Tamoxifen, raloxifene, and other SERMs have apparent antiestrogenic effects on the breast and varying effects on the endometrial tissue. Tamoxifen is used for breast cancer treatment and prevention, and raloxifene is used to prevent and treat osteoporosis. But there is an estrogenic effect on blood clotting by these agents, and in general they confer the same risks of VTE as does PHT. In a controlled trial of tamoxifen versus placebo, an increase was observed in the relative risk of deep venous thrombosis (relative risk, 1.6) in women with breast cancer. The MORE (Multiple Outcomes for Raloxifene Evaluation) trial has not reported any increased risk of arterial thrombotic events or early cardiovascular harm, but it has a reported a twofold or greater risk of VTE in the raloxifene-treated group.

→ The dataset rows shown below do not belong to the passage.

text \<open>The quotient weight is the number of p-hooks removed on the way to the p-core.\<close>

lemma weight_eq_core_plus_quotient:
  assumes "p > 0" "finite X"
  shows "weight X = weight (core p X) + p * quotient_weight p X"
proof -
  have fc: "finite (core p X)" using finite_core[OF assms] .
  have rc: "\<And>i. i < p \<Longrightarrow> card (runner p (core p X) i) = card (runner p X i)"
    "\<And>i. i < p \<Longrightarrow> weight (runner p (core p X) i) = 0"
    using runner_core[OF assms(1)] weight_lessThan by auto
  have s0: "\<Sum>(core p X) = (\<Sum>i<p. i * card (runner p X i) + p * (card (runner p X i) choose 2))"
    using sum_set_by_runners[OF assms(1) fc] rc by simp
  have s1: "\<Sum>X = (\<Sum>i<p. i * card (runner p X i) + p * (card (runner p X i) choose 2))
                  + p * quotient_weight p X"
    unfolding sum_set_by_runners[OF assms] quotient_weight_def
    by (simp add: sum.distrib sum_distrib_left algebra_simps)
  show ?thesis
    using sum_eq_choose2_plus_weight[OF assms(2)] sum_eq_choose2_plus_weight[OF fc] s0 s1
      card_core[OF assms] by simp
qed

section \<open>The alternating sum of a beta-set\<close>

definition alt_sum :: "nat set \<Rightarrow> int" where
  "alt_sum X = (\<Sum>x\<in>X. (-1) ^ x)"

lemma alt_sum_diff_lessThan_card:
  assumes "finite X"
  shows "\<bar>alt_sum X - alt_sum {..<card X}\<bar> \<le> 2 * int (weight X)"
  using assms
proof (induct X rule: finite_linorder_max_induct)
  case empty
  then show ?case by (simp add: weight_def)
next
  case (insert b A)
  have bA: "b \<notin> A" using insert by auto
  note w = weight_insert_max[OF insert(1) insert(2)]
  have e1: "alt_sum (insert b A) = (-1) ^ b + alt_sum A"
    using insert bA by (simp add: alt_sum_def)
  have e2: "alt_sum {..<card (insert b A)} = alt_sum {..<card A} + (-1) ^ card A"
    using insert bA by (simp add: alt_sum_def)
  have "\<bar>(-1::int) ^ b - (-1) ^ card A\<bar> \<le> 2 * (int b - int (card A))"
  proof (cases "b = card A")
    case False
    then have "int b - int (card A) \<ge> 1" using w(2) by linarith
    moreover have "\<bar>(-1::int) ^ b - (-1) ^ card A\<bar> \<le> 2"
      by (cases "even b"; cases "even (card A)") auto
    ultimately show ?thesis by (smt (verit))
  qed simp
  then show ?case using insert(3) e1 e2 w(1) by (smt (verit))
qed

lemma alt_sum_by_runners:
  assumes "odd p" "finite X"
  shows "alt_sum X = (\<Sum>i<p. (-1) ^ i * alt_sum (runner p X i))"
proof -
  have "p > 0" using assms by presburger
  then have "alt_sum X = (\<Sum>i<p. \<Sum>q\<in>runner p X i. (-1::int) ^ (i + p * q))"
    unfolding alt_sum_def using sum_by_runners assms(2) by blast
  also have "\<dots> = (\<Sum>i<p. (-1) ^ i * alt_sum (runner p X i))"
    using assms(1) by (simp add: alt_sum_def power_add power_mult sum_distrib_left)
  finally show ?thesis .
qed

lemma alt_sum_diff_core:
  assumes "odd p" "finite X"
  shows "\<bar>alt_sum X - alt_sum (core p X)\<bar> \<le> 2 * int (quotient_weight p X)"
proof -
  have p0: "p > 0" using assms by presburger
  have "alt_sum X - alt_sum (core p X) =
      (\<Sum>i<p. (-1) ^ i * (alt_sum (runner p X i) - alt_sum {..<card (runner p X i)}))"
    unfolding alt_sum_by_runners[OF assms] alt_sum_by_runners[OF assms(1) finite_core[OF p0 assms(2)]]
    by (simp add: runner_core[OF p0] sum_subtractf[symmetric] right_diff_distrib)
  also have "\<bar>\<dots>\<bar> \<le> (\<Sum>i<p. \<bar>(-1) ^ i * (alt_sum (runner p X i) - alt_sum {..<card (runner p X i)})\<bar>)"
    by (rule sum_abs)
  also have "\<dots> \<le> (\<Sum>i<p. 2 * int (weight (runner p X i)))"
    by (intro sum_mono)
      (simp add: abs_mult alt_sum_diff_lessThan_card[OF finite_runner[OF p0 assms(2)]])
  also have "\<dots> = 2 * int (quotient_weight p X)" by (simp add: quotient_weight_def sum_distrib_left)
  finally show ?thesis .
qed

Any woman with a personal or family history of VTE who is contemplating starting HC, PHT, or a SERM should be screened for a hereditary thrombophilia; however, screening of the general population without a personal or family history of VTE before starting HT is not recommended. The most challenging subset of women are those with known thrombophilia who have pressing indications for HC, PHT, or SERM therapy. Aromatase inhibitors (anastrozole, exemestane, letrozole) are favored in women with breast cancer who have a history of VTE because there has been no reported increased risk of VTE with these agents. There are other options for osteoporosis treatment, including bisphosphonates (risedronate, alendronate, and ibandronate and IV zoledronic acid) as well as RANKL inhibitor denosumab. These women are also candidates for nonhormonal contraception, such as barrier contraception or the copper T380A IUD, as well as the progestin-only HC.